This is exactly what the critics are getting at when they hold LO - and its creator - accountable for the messages it's been sending for five years to its audience of middle aged women and young girls. Having a demographic is fine, if this were just a comic for girls it would be fine, but it becomes a lot more problematic when that demographic is being fed toxic power fantasy stories based on a culture that's being gentrified and sanitized of all its original messaging and characterization right before our eyes. It feels blatantly misinformed from the very beginning in its intention to be a "feminist retelling" of Greek myth, because somehow Lore Olympus manages to be less feminist than these stories drafted and written by men from 2000+ years ago.
I opened this essay with a question: why do we keep getting these Greek myth adaptations written by queer women that still wind up perpetuating toxic heteronormative culture?
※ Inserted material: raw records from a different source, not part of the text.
(* Let $n$ be a positive integer and let $\Omega_1,\Omega_2$ be two distinct copies of $2^{[n]}$. For $i=1,2$ let $\bm{p}_i=(p_i^{(1)},\dots,p_i^{(n)})$ be a probability vector (i.e. $0<p_i^{(\ell)}<1$ for all $\ell$), write $p_i:=p_i^{(1)}$, and let $\mu_i$ be the product measure on $\Omega_i$ given by $$\mu_i(U)=\sum_{x\in U}\prod_{\ell\in x}p_i^{(\ell)}\prod_{k\in[n]\setminus x}(1-p_i^{(k)})\qquad (U\subset\Omega_i).$$ Assume that $p_1p_2=\max\{p_1^{(\ell)}p_2^{(\ell)}:\ell\in[n]\}$ and that $p_1^{(\ell)},p_2^{(\ell)}\leqslant 1/3$ for all $\ell\in[n]$. If $U_1\subset\Omega_1$ and $U_2\subset\Omega_2$ are cross-intersecting (i.e. $x\cap y\neq\emptyset$ for all $x\in U_1$, $y\in U_2$), then $\mu_1(U_1)\mu_2(U_2)\leqslant p_1p_2$. Moreover, with $w:=\{\ell\in[n]:p_1^{(\ell)}p_2^{(\ell)}=p_1p_2\}$ and $U_i^{(\ell)}:=\{x\in\Omega_i:\ell\in x\}$, equality holds if and only if $U_1=U_1^{(\ell)}$ and $U_2=U_2^{(\ell)}$ for some $\ell\in w$.
   Context: A probability vector is a vector $\bm{p}=(p^{(1)},\dots,p^{(n)})$ with $0<p^{(\ell)}<1$ for every $\ell$. *)

theory Defs
  imports Complex_Main
begin

definition prob_vec :: "nat \<Rightarrow> (nat \<Rightarrow> real) \<Rightarrow> bool" where
  "prob_vec n p \<longleftrightarrow> (\<forall>l\<in>{1..n}. 0 < p l \<and> p l < 1)"

definition prod_measure :: "nat \<Rightarrow> (nat \<Rightarrow> real) \<Rightarrow> nat set set \<Rightarrow> real" where
  "prod_measure n p U = (\<Sum>x\<in>U. (\<Prod>l\<in>x. p l) * (\<Prod>k\<in>{1..n} - x. (1 - p k)))"

definition cross_intersecting :: "'a set set \<Rightarrow> 'a set set \<Rightarrow> bool" where
  "cross_intersecting U V \<longleftrightarrow> (\<forall>x\<in>U. \<forall>y\<in>V. x \<inter> y \<noteq> {})"

definition star :: "nat \<Rightarrow> nat \<Rightarrow> nat set set" where
  "star n l = {x. x \<subseteq> {1..n} \<and> l \<in> x}"

end

theory Submission
  imports Defs
begin

(*
  Splitting a family at a point j into its deletion and
  its link writes its measure as a = (1 - p1 j) a0 + p1 j a1, and a cross-intersecting
  pair (A, B) yields three cross-intersecting pairs of sections (deletion/deletion,
  deletion/link, link/deletion); nothing is known about the link/link pair.  The bound
  a b <= P does not survive this step on its own, so it is carried together with the
  hyperbola bound a b <= S (1 - a) (1 - b), S = 9P/4.  Both bounds for (a, b) follow from
  those for the three controlled pairs by elementary real inequalities.  The delicate
  case is a1 b1 > P with (a1, b1) near (1, 1): there the hyperbola bounds on (a0, b1)
  and (a1, b0) force a0 and b0 to be small, and p <= 1/3 is used.  Following equality
  through the induction leaves only the stars.
*)

section \<open>The numerical induction step\<close>

(* The coefficients are S/P and (S/P)^2 for S = 9P/4; the margin (u + v)/40 is what
   forces a1 = b1 = 1 in the equality case. *)
lemma near_corner_polynomial_ineq:
  fixes q1 q2 u v :: real
  assumes q1: "0 < q1" "q1 \<le> 1/3" and q2: "0 < q2" "q2 \<le> 1/3"
    and u: "0 \<le> u" "u \<le> q1 + q2 - q1*q2" and v: "0 \<le> v" "v \<le> q1 + q2 - q1*q2"
  shows "(9/4)*(q1*(1-q2)*u + q2*(1-q1)*v) + (81/16)*q1*q2*u*v + (u+v)/40 \<le> u + v - u*v"
proof -
  define \<alpha> where "\<alpha> = 1 - (9/4)*(q1*(1-q2))"
  define \<beta> where "\<beta> = 1 - (9/4)*(q2*(1-q1))"
  define \<gamma> where "\<gamma> = 1 + (81/16)*q1*q2"
  define c where "c = q1 + q2 - q1*q2"
  define m where "m = min u v"
  define s where "s = \<alpha>*u + \<beta>*v"
  have "q1*(1-q2) \<le> q1" "q2*(1-q1) \<le> q2" using q1 q2 by (simp_all add: mult_left_le)
  then have \<alpha>: "\<alpha> \<ge> 1/4" and \<beta>: "\<beta> \<ge> 1/4" using q1 q2 unfolding \<alpha>_def \<beta>_def by linarith+
  have "(1/3)*(1/3) \<le> (1-2*q1)*(1-2*q2)" using q1 q2 by (intro mult_mono) auto
  then have \<alpha>\<beta>: "\<alpha> + \<beta> \<ge> 1" unfolding \<alpha>_def \<beta>_def by (simp add: field_simps)
  have "q1*q2 \<le> (1/3)*(1/3)" using q1 q2 by (intro mult_mono) auto
  then have \<gamma>: "0 \<le> \<gamma>" "\<gamma> \<le> 25/16" using q1 q2 by (simp_all add: \<gamma>_def)
  have "(2/3)*(2/3) \<le> (1-q1)*(1-q2)" using q1 q2 by (intro mult_mono) auto
  then have c: "0 \<le> c" "c \<le> 5/9" using u by (simp_all add: c_def algebra_simps)
  have "\<gamma>*c \<le> 125/144"
    using mult_mono[OF \<gamma>(2) c(2) _ c(1)] by simp
  with \<alpha>\<beta> have \<gamma>c: "\<gamma>*c \<le> (125/144)*(\<alpha>+\<beta>)" by simp
  have m: "0 \<le> m" "m \<le> u" "m \<le> v" using u v by (simp_all add: m_def)
  have "u*v \<le> u*c" "u*v \<le> c*v"
    using mult_left_mono[OF v(2) u(1)] mult_right_mono[OF u(2) v(1)] by (simp_all add: c_def)
  then have "u*v \<le> c*m" by (simp add: m_def min_def mult.commute)
  then have "\<gamma>*(u*v) \<le> \<gamma>*c*m" using \<gamma> by (simp add: mult_left_mono mult.assoc)
  also have "\<dots> \<le> (125/144)*(\<alpha>+\<beta>)*m"
    using \<gamma>c m(1) by (rule mult_right_mono)
  also have "\<dots> \<le> (125/144)*s"
    using m \<alpha> \<beta> by (simp add: s_def distrib_right add_mono mult_left_mono)
  finally have "\<gamma>*(u*v) \<le> (125/144)*s" .
  moreover have "(u+v)/40 \<le> (19/144)*s"
    using mult_right_mono[OF \<alpha> u(1)] mult_right_mono[OF \<beta> v(1)] u(1) v(1) by (simp add: s_def distrib_left)
  ultimately have "\<gamma>*(u*v) + (u+v)/40 \<le> s" by linarith
  then show ?thesis by (simp add: s_def \<alpha>_def \<beta>_def \<gamma>_def field_simps)
qed

lemma mix_between_min_max:
  fixes q x y :: real
  assumes "0 \<le> q" "q \<le> 1"
  shows "min x y \<le> (1-q)*x + q*y" and "(1-q)*x + q*y \<le> max x y"
proof -
  have "(1-q)*min x y + q*min x y \<le> (1-q)*x + q*y"
    and "(1-q)*x + q*y \<le> (1-q)*max x y + q*max x y"
    using assms by (intro add_mono mult_left_mono; simp)+
  then show "min x y \<le> (1-q)*x + q*y" and "(1-q)*x + q*y \<le> max x y"
    by (simp_all add: algebra_simps)
qed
I think cases like these really highlight how deep the heteronormative brainwashing from childhood onward goes. That, despite these writers being queer or women, still manage to reinforce the same ideas and tropes and harmful predisposed notions that were designed to be used explicitly against queer people and women. These are things that we can't ever stop challenging, and asking, and truly deconstructing, because it runs deep in many of us who grew up on popular media even as innocent as Disney. Learning about more complex social concepts like sexism and misogyny and queerphobia doesn't automatically absolve us of those very same biases that have been both blatantly and subtly ingrained into us since childhood. All that said, Rachel being bisexual does not mean she's not capable of straightwashing; Cait Corrain being a queer debut author with a POC main character didn't stop them from targeting other POC debut authors at their own imprint; being part of any minority group or identifier does not automatically protect you from perpetuating the cycle that you, too, likely had enforced upon you at some point or another in your life. The fact that these creators and writers are still perpetuating that cycle to begin with is indicative of why it's a cycle at all - it takes work to break on a subconscious level because those cycles are specifically designed to target and hijack the subconscious.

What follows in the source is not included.